To find critical points in an autonomous system, we set the system's derivatives equal to zero. This step isolates the points in the plane where the system is at equilibrium—no net change occurs. For a system defined by its differential equations, such as - \(x' = -2x + y + 10\)- \(y' = 2x - y - 15\frac{y}{y + 5}\), we solve these equations simultaneously. In this example, setting \(x' = 0\) and \(y' = 0\) led to the critical point \((5, 0)\). This approach is essential because it lays the groundwork for analyzing the system's behavior near these points.

The Jacobian matrix is a powerful tool used to analyze the behavior of systems near critical points by considering the partial derivatives of the system. For a two-variable system, it has the form:\[ J = \begin{bmatrix} \frac{\partial x'}{\partial x} & \frac{\partial x'}{\partial y} \ \frac{\partial y'}{\partial x} & \frac{\partial y'}{\partial y} \end{bmatrix}. \]Evaluating this matrix at a critical point reveals how small perturbations in system variables impact the system's behavior. In our example, the matrix evaluated at \((5, 0)\) is given by:\[ J = \begin{bmatrix} -2 & 1 \ 0.5 & -2.5 \end{bmatrix}. \]This matrix helps us determine stability and system behavior near the critical point.

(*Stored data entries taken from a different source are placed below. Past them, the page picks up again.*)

lemma needle_has_vector_derivative:
  assumes u: "admissible_on a b u" and v: "norm v \<le> \<rho>" and a\<tau>: "a < \<tau>" "\<tau> \<le> b"
    and u_left: "continuous (at_left \<tau>) u"
    and sol: "\<And>\<epsilon>. \<epsilon> \<in> {0..\<tau> - a} \<Longrightarrow> integral_solution a b (needle u \<tau> v \<epsilon>) (\<phi> \<epsilon>)"
    and start: "\<And>\<epsilon>. \<epsilon> \<in> {0..\<tau> - a} \<Longrightarrow> \<phi> \<epsilon> a = \<phi> 0 a"
  shows "((\<lambda>\<epsilon>. \<phi> \<epsilon> \<tau>) has_vector_derivative (f (\<phi> 0 \<tau>) v - f (\<phi> 0 \<tau>) (u \<tau>))) (at 0 within {0..\<tau> - a})"
  unfolding has_vector_derivative_within_iff_le diff_zero
proof (intro allI impI)
  fix \<delta> :: real assume \<delta>: "\<delta> > 0"
  define c where "c = f (\<phi> 0 \<tau>) v - f (\<phi> 0 \<tau>) (u \<tau>)"
  have sol0: "integral_solution a b u (\<phi> 0)" using sol[of 0] a\<tau> by (simp add: needle_zero)
  obtain d where d: "d > 0" and close: "\<And>\<epsilon> s. \<epsilon> \<in> {0..\<tau> - a} \<Longrightarrow> \<epsilon> < d \<Longrightarrow> s \<in> {\<tau> - \<epsilon>..\<tau>} \<Longrightarrow>
      norm (f (\<phi> \<epsilon> s) v - f (\<phi> 0 s) (u s) - c) \<le> \<delta>"
    using needle_integrand_close[OF assms \<delta>] unfolding c_def by blast
  show "\<exists>d>0. \<forall>\<epsilon>\<in>{0..\<tau> - a}. \<bar>\<epsilon>\<bar> < d \<longrightarrow> norm (\<phi> \<epsilon> \<tau> - \<phi> 0 \<tau> - \<epsilon> *\<^sub>R c) \<le> \<delta> * \<bar>\<epsilon>\<bar>"
  proof (intro exI[of _ d] conjI ballI impI d)
    fix \<epsilon> assume \<epsilon>: "\<epsilon> \<in> {0..\<tau> - a}" and small: "\<bar>\<epsilon>\<bar> < d"
    have \<epsilon>0: "0 \<le> \<epsilon>" using \<epsilon> by simp
    have sub: "{\<tau> - \<epsilon>..\<tau>} \<subseteq> {a..b}" using \<epsilon> a\<tau> by auto
    have "(\<lambda>s. f (\<phi> \<epsilon> s) v) integrable_on {\<tau> - \<epsilon>..\<tau>}"
      using integral_solution_continuous[OF sol[OF \<epsilon>]]
      by (intro integrable_continuous_interval continuous_on_f_comp continuous_on_const continuous_on_subset[OF _ sub])
    moreover have "(\<lambda>s. f (\<phi> 0 s) (u s)) integrable_on {\<tau> - \<epsilon>..\<tau>}"
      by (rule integrable_on_f_comp[OF u integral_solution_continuous[OF sol0] sub])
    ultimately have int: "(\<lambda>s. f (\<phi> \<epsilon> s) v - f (\<phi> 0 s) (u s)) integrable_on {\<tau> - \<epsilon>..\<tau>}"
      by (rule integrable_diff)
    have "\<phi> \<epsilon> \<tau> - \<phi> 0 \<tau> - \<epsilon> *\<^sub>R c = integral {\<tau> - \<epsilon>..\<tau>} (\<lambda>s. f (\<phi> \<epsilon> s) v - f (\<phi> 0 s) (u s) - c)"
      using needle_increment_eq[OF u v \<epsilon>0 _ a\<tau>(2) sol[OF \<epsilon>] sol0 start[OF \<epsilon>]] \<epsilon>
      by (simp add: integral_diff[OF int integrable_const_ivl])
    also have "norm \<dots> \<le> integral {\<tau> - \<epsilon>..\<tau>} (\<lambda>_. \<delta>)"
      using close[OF \<epsilon>] small
      by (intro integral_norm_bound_integral integrable_diff int integrable_const_ivl) auto
    finally show "norm (\<phi> \<epsilon> \<tau> - \<phi> 0 \<tau> - \<epsilon> *\<^sub>R c) \<le> \<delta> * \<bar>\<epsilon>\<bar>" using \<epsilon>0 by (simp add: mult.commute)
  qed
qed

end

definition embed_fst_blinfun :: "'a::real_normed_vector \<Rightarrow>\<^sub>L ('a \<times> 'b::real_normed_vector)"
  where "embed_fst_blinfun = Blinfun (\<lambda>h. (h, 0))"

lemma embed_fst_blinfun_apply [simp]: "embed_fst_blinfun h = (h, 0)"
  unfolding embed_fst_blinfun_def
  by (simp add: bounded_linear_Blinfun_apply bounded_linear_Pair bounded_linear_ident)

lemma norm_embed_fst_blinfun_le: "norm (embed_fst_blinfun :: 'a::real_normed_vector \<Rightarrow>\<^sub>L ('a \<times> 'b::real_normed_vector)) \<le> 1"
  by (rule norm_blinfun_bound) (simp_all add: norm_Pair)

locale differentiable_control_system = lipschitz_control_system f \<rho> K1
  for f :: "'x::euclidean_space \<Rightarrow> 'm::euclidean_space \<Rightarrow> 'x" and \<rho> K1 +
  fixes f' :: "'x \<times> 'm \<Rightarrow> ('x \<times> 'm) \<Rightarrow>\<^sub>L 'x"
  assumes f_derivative: "\<And>z. ((\<lambda>(x, w). f x w) has_derivative blinfun_apply (f' z)) (at z)"
    and continuous_f': "continuous_on UNIV f'"
begin

lemma f_uniform_linearization:
  assumes R: "0 \<le> R" and e: "e > 0"
  shows "\<exists>r>0. \<forall>x x' m. norm x \<le> R \<longrightarrow> norm (x' - x) < r \<longrightarrow> norm m \<le> \<rho> \<longrightarrow>
           norm (f x' m - f x m - f' (x, m) (x' - x, 0)) \<le> e * norm (x' - x)"
proof -
  define Kc where "Kc = cball (0::'x) (R + 1) \<times> cball (0::'m) \<rho>"
  have "uniformly_continuous_on Kc f'"
    unfolding Kc_def by (intro compact_uniformly_continuous continuous_on_subset[OF continuous_f'] compact_Times) auto
  then obtain r where r: "r > 0" "\<And>p q. p \<in> Kc \<Longrightarrow> q \<in> Kc \<Longrightarrow> dist q p < r \<Longrightarrow> dist (f' q) (f' p) < e"
    using e unfolding uniformly_continuous_on_def by metis
  show ?thesis
  proof (intro exI[of _ "min r 1"] conjI allI impI)
    show "min r 1 > 0" using r by simp
    fix x x' :: 'x and m :: 'm
    assume x: "norm x \<le> R" and xx: "norm (x' - x) < min r 1" and m: "norm m \<le> \<rho>"
    define S where "S = closed_segment (x, m) (x', m)"
    have "norm x' \<le> norm x + norm (x' - x)" using norm_triangle_ineq[of x "x' - x"] by simp
    then have "(x, m) \<in> Kc" "(x', m) \<in> Kc" using x xx m by (auto simp: Kc_def)
    then have S_Kc: "S \<subseteq> Kc" unfolding S_def Kc_def by (intro closed_segment_subset convex_Times) auto
    have S_close: "dist z (x, m) < r" if "z \<in> S" for z
      using dist_in_closed_segment[OF that[unfolded S_def]] xx
      by (simp add: dist_norm norm_Pair norm_minus_commute)
    have "norm ((\<lambda>(x, w). f x w) (x', m) - (\<lambda>(x, w). f x w) (x, m) - f' (x, m) ((x', m) - (x, m)))
        \<le> norm ((x', m) - (x, m)) * e"
    proof (rule differentiable_bound_linearization[of "(x, m)" "(x', m)" S _ "\<lambda>z. blinfun_apply (f' z)"])
      show "(x, m) + t *\<^sub>R ((x', m) - (x, m)) \<in> S" if "t \<in> {0..1}" for t
        unfolding S_def closed_segment_def using that
        by (intro CollectI exI[of _ t]) (auto simp: algebra_simps)
      show "((\<lambda>(x, w). f x w) has_derivative blinfun_apply (f' z)) (at z within S)" for z
        by (rule has_derivative_at_withinI[OF f_derivative])
      show "onorm (blinfun_apply (f' z) - blinfun_apply (f' (x, m))) \<le> e" if "z \<in> S" for z
      proof -
        have "blinfun_apply (f' z) - blinfun_apply (f' (x, m)) = blinfun_apply (f' z - f' (x, m))"
          by (rule ext) (simp add: minus_blinfun.rep_eq)
        then show ?thesis
          using r(2)[OF \<open>(x, m) \<in> Kc\<close>, of z] S_Kc S_close[OF that] that
          by (auto simp: dist_norm norm_blinfun.rep_eq)
      qed
    qed (simp add: S_def)
    then show "norm (f x' m - f x m - f' (x, m) (x' - x, 0)) \<le> e * norm (x' - x)"
      by (simp add: norm_Pair mult.commute)
  qed
qed

lemma solution_family_differentiable:
  assumes ab: "a \<le> b" and e0: "0 < e0" and u: "admissible_on a b u"
    and sol: "\<And>\<epsilon>. \<epsilon> \<in> {0..e0} \<Longrightarrow> integral_solution a b u (\<phi> \<epsilon>)"
    and lipschitz: "\<And>\<epsilon> t. \<epsilon> \<in> {0..e0} \<Longrightarrow> t \<in> {a..b} \<Longrightarrow> norm (\<phi> \<epsilon> t - \<phi> 0 t) \<le> C * \<epsilon>"
    and start: "((\<lambda>\<epsilon>. \<phi> \<epsilon> a) has_vector_derivative L) (at 0 within {0..e0})"
  shows "\<exists>\<Psi>. \<forall>t\<in>{a..b}. ((\<lambda>\<epsilon>. \<phi> \<epsilon> t) has_vector_derivative \<Psi> t) (at 0 within {0..e0})"
proof -
  obtain S where S: "finite S" "continuous_on ({a..b} - S) u"
    using u unfolding admissible_on_def by blast
  have \<phi>0_cont: "continuous_on {a..b} (\<phi> 0)"
    using sol[of 0] e0 unfolding integral_solution_def by simp
  obtain R where R: "0 < R" "\<forall>x \<in> \<phi> 0 ` {a..b}. norm x \<le> R"
    using compact_imp_bounded[OF compact_continuous_image[OF \<phi>0_cont compact_Icc]]
    unfolding bounded_pos by blast
  obtain B where B: "0 < B" "\<forall>x \<in> f' ` (cball 0 R \<times> cball 0 \<rho>). norm x \<le> B"
    using compact_imp_bounded[OF compact_continuous_image[OF continuous_on_subset[OF continuous_f']
          compact_Times[OF compact_cball compact_cball]]]
    unfolding bounded_pos by blast
  define A where "A s = f' (\<phi> 0 s, u s) o\<^sub>L embed_fst_blinfun" for s
  have A_bound: "norm (A s) \<le> B" if s: "s \<in> {a..b}" for s
  proof -
    have "norm (A s) \<le> norm (f' (\<phi> 0 s, u s)) * 1"
      unfolding A_def
      by (rule order_trans[OF norm_blinfun_compose mult_left_mono[OF norm_embed_fst_blinfun_le]]) simp
    also have "\<dots> \<le> B" using B(2) R(2) admissible_on_bound[OF u s] s by simp
    finally show ?thesis .
  qed
  have A_cont: "continuous_on ({a..b} - S) A"
    unfolding A_def
    by (intro continuous_intros continuous_on_compose2[OF continuous_f'] continuous_on_subset[OF \<phi>0_cont] S(2))
       auto
  obtain \<Psi> where \<Psi>: "continuous_on {a..b} \<Psi>" "\<forall>t\<in>{a..b}. \<Psi> t = L + integral {a..t} (\<lambda>s. A s (\<Psi> s))"
    using linear_integral_equation_solvable[OF ab S(1) A_cont A_bound] by blast
  have \<Psi>_start: "\<Psi> a = L" using \<Psi>(2) ab by auto
  have "((\<lambda>\<epsilon>. \<phi> \<epsilon> t) has_vector_derivative \<Psi> t) (at 0 within {0..e0})" if t: "t \<in> {a..b}" for t
  proof (rule solution_family_has_vector_derivative[OF ab e0 u sol lipschitz _ \<Psi>(1) _ _ less_imp_le[OF B(1)]
        A_bound _ t])
    show "((\<lambda>\<epsilon>. \<phi> \<epsilon> a) has_vector_derivative \<Psi> a) (at 0 within {0..e0})"
      using start \<Psi>_start by simp
    show "\<Psi> t = \<Psi> a + integral {a..t} (\<lambda>s. A s (\<Psi> s))" if "t \<in> {a..b}" for t
      using \<Psi>(2) that \<Psi>_start by simp
    show "(\<lambda>s. A s (\<Psi> s)) integrable_on {a..b}"
      by (rule integrable_blinfun_apply_off_finite[OF S(1) A_cont A_bound \<Psi>(1)])
    fix \<eta> :: real assume "\<eta> > 0"
    from f_uniform_linearization[OF less_imp_le[OF R(1)] this] obtain r where "r > 0"
      and lin: "\<And>x x' m. norm x \<le> R \<Longrightarrow> norm (x' - x) < r \<Longrightarrow> norm m \<le> \<rho> \<Longrightarrow>
             norm (f x' m - f x m - f' (x, m) (x' - x, 0)) \<le> \<eta> * norm (x' - x)"
      by blast
    show "\<exists>r>0. \<forall>s\<in>{a..b}. \<forall>x. norm (x - \<phi> 0 s) < r \<longrightarrow>
        norm (f x (u s) - f (\<phi> 0 s) (u s) - A s (x - \<phi> 0 s)) \<le> \<eta> * norm (x - \<phi> 0 s)"
    proof (intro exI[of _ r] conjI ballI allI impI \<open>r > 0\<close>)
      fix s x assume "s \<in> {a..b}" "norm (x - \<phi> 0 s) < r"
      then show "norm (f x (u s) - f (\<phi> 0 s) (u s) - A s (x - \<phi> 0 s)) \<le> \<eta> * norm (x - \<phi> 0 s)"
        using lin[OF R(2)[rule_format, OF imageI] _ admissible_on_bound[OF u]] by (simp add: A_def)
    qed
  qed
  then show ?thesis by blast
qed

end

section \<open>The hybrid trajectory\<close>

definition poly_growth :: "real \<Rightarrow> real \<Rightarrow> real \<Rightarrow> real \<Rightarrow> nat \<Rightarrow> nat \<Rightarrow> real \<Rightarrow> real \<Rightarrow> real" where
  "poly_growth K2 K3 K4 K5 L1 L2 r q = K2 + K3 * r ^ L1 + K4 * q ^ L2 + K5 * r ^ L1 * q ^ L2"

Eigenvalues, derived from the Jacobian matrix, provide insights into the nature of equilibrium points. They are solutions to the equation \( \det(J - \lambda I) = 0 \). In our system, solving\[ \det\begin{bmatrix} -2 - \lambda & 1 \ 0.5 & -2.5 - \lambda \end{bmatrix} = 0 \]results in the polynomial \( \lambda^2 + 4.5\lambda + 4.5 = 0 \). Using the quadratic formula, we get the eigenvalues, \( \lambda = -2.25 \pm 1.299i \). Eigenvalues with a negative real part indicate stability, whereas complex parts suggest rotational behaviors like spirals.

A Stable Spiral Point is characterized by eigenvalues that are complex with negative real parts. This combination signifies a system where trajectories spiral into the critical point over time. Such spirals indicate a returning motion to an equilibrium, albeit via oscillations. In our example, the eigenvalues were \( -2.25 \pm 1.299i \), confirming that the critical point \((5, 0)\) is a stable spiral point. Understanding stable spiral points is crucial in fields like control systems and ecology, where knowing how a system naturally stabilizes is beneficial.